Лицо юноши, вполне бесстрастное и сосредоточенное, если приглядеться повнимательнее, все же выражает не то страх, не то отвращение. «Скорее второе, – говорит себе она. – С чего бы ему меня бояться? Просто противно, да. Мне бы тоже было противно на его месте… да мне и на своем месте противно. А стыдно, стыдно-то как! В таком виде предстать перед незнакомцем… А он же еще, небось, видел, как я сплю. На земле, враскоряку, раскинув дряблые ноги… Умереть от стыда можно! И, честно говоря, нужно. Что мне еще теперь остается?»



И она умирает от стыда. Сказано – сделано.



Персей так толком и не понял, почему зеркальный щит произвел на Медузу столь сокрушительное воздействие. Но на войне важен результат, а понимание – дело десятое. Так он тогда, по молодости, думал.



«Красивая какая, – с сожалением вздыхал Персей, отделяя все еще полезную голову Медузы от ненужного больше туловища. – Жалко ее».


* * *

Мучительно хотелось меду. Так нужен был ему мед – хоть плачь.

Но он не плакал, конечно же. Он летел, все выше и выше, стремительно приближался к древесной кроне, почти бесконечно далекой от земли. Бормотал под нос: «Я тучка, тучка, тучка, а вовсе не медведь…»
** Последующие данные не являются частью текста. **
(* For every sufficiently small $\epsilon>0$ there is a set of $2^{\Omega(\epsilon^{-1/2})}$ distributions supported on $[0,1]$, each having a non-decreasing PDF, such that every two distinct distributions in the set are at Lévy distance $\Omega(\epsilon)$ from each other.
   Context: Lévy distance: $\mathrm{L\acute{e}vy}(F,G)=\inf\{\epsilon: F(v-\epsilon)-\epsilon\le G(v)\le F(v+\epsilon)+\epsilon\ \forall v\}$. (Distributions with non-decreasing PDF are regular, i.e. $qF^{-1}(1-q)$ is concave.) *)

theory Defs
  imports "HOL-Probability.Probability"
begin

definition levy_dist :: "(real \<Rightarrow> real) \<Rightarrow> (real \<Rightarrow> real) \<Rightarrow> real" where
  "levy_dist F G = Inf {e. e \<ge> 0 \<and>
     (\<forall>v. F (v - e) - e \<le> G v \<and> G v \<le> F (v + e) + e)}"

definition nondec_pdf_dist01 :: "real measure \<Rightarrow> bool" where
  "nondec_pdf_dist01 M \<longleftrightarrow> prob_space M \<and>
     (\<exists>f :: real \<Rightarrow> real. (\<forall>x. 0 \<le> f x) \<and> (\<forall>x. x \<notin> {0..1} \<longrightarrow> f x = 0) \<and>
        mono_on {0..1} f \<and> M = density lborel (\<lambda>x. ennreal (f x)))"

end

theory Submission
  imports Defs
begin

text \<open>Discretise the density 2x of the distribution with cdf x^2 into 2n cells of width 1/(2n).
  For every j < n we may raise the density on cell 2j and lower it on cell 2j+1 by 1/(2n); the
  density stays non-decreasing, and the cdf at the grid point (2j+1)/(2n) rises by 1/(2n)^2.
  This gives 2^n distributions, one per subset B of {..<n}. For B \<noteq> C the cdfs differ by
  1/(2n)^2 at some grid point, and since all densities are bounded by 2 the cdfs are 2-Lipschitz,
  so the Levy distance is at least 1/(3(2n)^2). Choosing n \<approx> \<epsilon>^(-1/2) gives the theorem.\<close>

subsection \<open>Levy distance\<close>

lemma levy_dist_commute: "levy_dist F G = levy_dist G F"
proof -
  have shift: "(\<forall>v. F (v - e) - e \<le> G v \<and> G v \<le> F (v + e) + e) \<longleftrightarrow>
               (\<forall>v. G (v - e) - e \<le> F v \<and> F v \<le> G (v + e) + e)" for e
  proof
    assume "\<forall>v. F (v - e) - e \<le> G v \<and> G v \<le> F (v + e) + e"
    then show "\<forall>v. G (v - e) - e \<le> F v \<and> F v \<le> G (v + e) + e"
      by (metis add_diff_cancel diff_add_cancel diff_le_eq)
  next
    assume "\<forall>v. G (v - e) - e \<le> F v \<and> F v \<le> G (v + e) + e"
    then show "\<forall>v. F (v - e) - e \<le> G v \<and> G v \<le> F (v + e) + e"
      by (metis add_diff_cancel diff_add_cancel diff_le_eq)
  qed
  show ?thesis unfolding levy_dist_def shift ..
qed

lemma levy_dist_lower_bound:
  fixes F G :: "real \<Rightarrow> real"
  assumes F01: "\<And>v. F v \<in> {0..1}" and G01: "\<And>v. G v \<in> {0..1}" and "0 \<le> L"
    and gap: "G x + h \<le> F x"
    and lipschitz: "\<And>t. 0 \<le> t \<Longrightarrow> t \<le> h / (L + 1) \<Longrightarrow> G (x + t) \<le> G x + L * t"
  shows "h / (L + 1) \<le> levy_dist F G"
  unfolding levy_dist_def
proof (rule cInf_greatest)
  show "{e. 0 \<le> e \<and> (\<forall>v. F (v - e) - e \<le> G v \<and> G v \<le> F (v + e) + e)} \<noteq> {}"
  proof -
    have "F (v - 1) - 1 \<le> G v \<and> G v \<le> F (v + 1) + 1" for v
      using F01[of "v - 1"] F01[of "v + 1"] G01[of v] by auto
    then have "1 \<in> {e. 0 \<le> e \<and> (\<forall>v. F (v - e) - e \<le> G v \<and> G v \<le> F (v + e) + e)}"
      by simp
    then show ?thesis by (metis empty_iff)
  qed
next
  fix e assume "e \<in> {e. 0 \<le> e \<and> (\<forall>v. F (v - e) - e \<le> G v \<and> G v \<le> F (v + e) + e)}"
  then have "0 \<le> e" and adm: "\<forall>v. F (v - e) - e \<le> G v \<and> G v \<le> F (v + e) + e"
    by simp_all
  have "F x - e \<le> G (x + e)" using adm[rule_format, of "x + e"] by simp
  show "h / (L + 1) \<le> e"
  proof (rule ccontr)
    assume "\<not> h / (L + 1) \<le> e"
    then have "e < h / (L + 1)" by simp
    then have small: "e \<le> h / (L + 1)" and "(L + 1) * e < h"
      using \<open>0 \<le> L\<close> by (simp, simp add: pos_less_divide_eq mult.commute)
    have "F x \<le> G x + L * e + e"
      using lipschitz[OF \<open>0 \<le> e\<close> small] \<open>F x - e \<le> G (x + e)\<close> by linarith
    also have "\<dots> = G x + (L + 1) * e" by (simp add: distrib_right)
    finally show False using gap \<open>(L + 1) * e < h\<close> by linarith
  qed
qed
Он, конечно, не был тучей, да и медведем, строго говоря, не был. Но полет должен сопровождаться песней, хоть какой-нибудь – так ему тогда казалось. Вот и напевал свою кричалку-сопелку за неимением лучшего. Получалось не слишком складно – ну да, с чего бы ему вдруг заговорить складно? Меда-то как не было, так и нет.



Он поднимался все выше и выше. В какой-то момент ему показалось, что предприятие на сей раз вполне может увенчаться успехом, но нет. Опять ничего не вышло. Его заметили, узнали, ему дали отпор, как всегда.

Как всегда.



Падение было не столько болезненным, сколько унизительным. Благоуханный мед по-прежнему оставался недоступным.



В тот день Один окончательно убедился, что украсть, или взять силой Мед Поэзии не получится. Раздал воздушные шарики валькириям и пошел договариваться о честном обмене.


* * *

Прежде, чем прыгнуть со скалы, Сфинкс шепчет на ухо Эдипу еще несколько слов. Эдип слышит его последнюю загадку вполне отчетливо, но ничего не понимает. Он ошарашенно качает головой, пожимает плечами и идет в Фивы – царствовать.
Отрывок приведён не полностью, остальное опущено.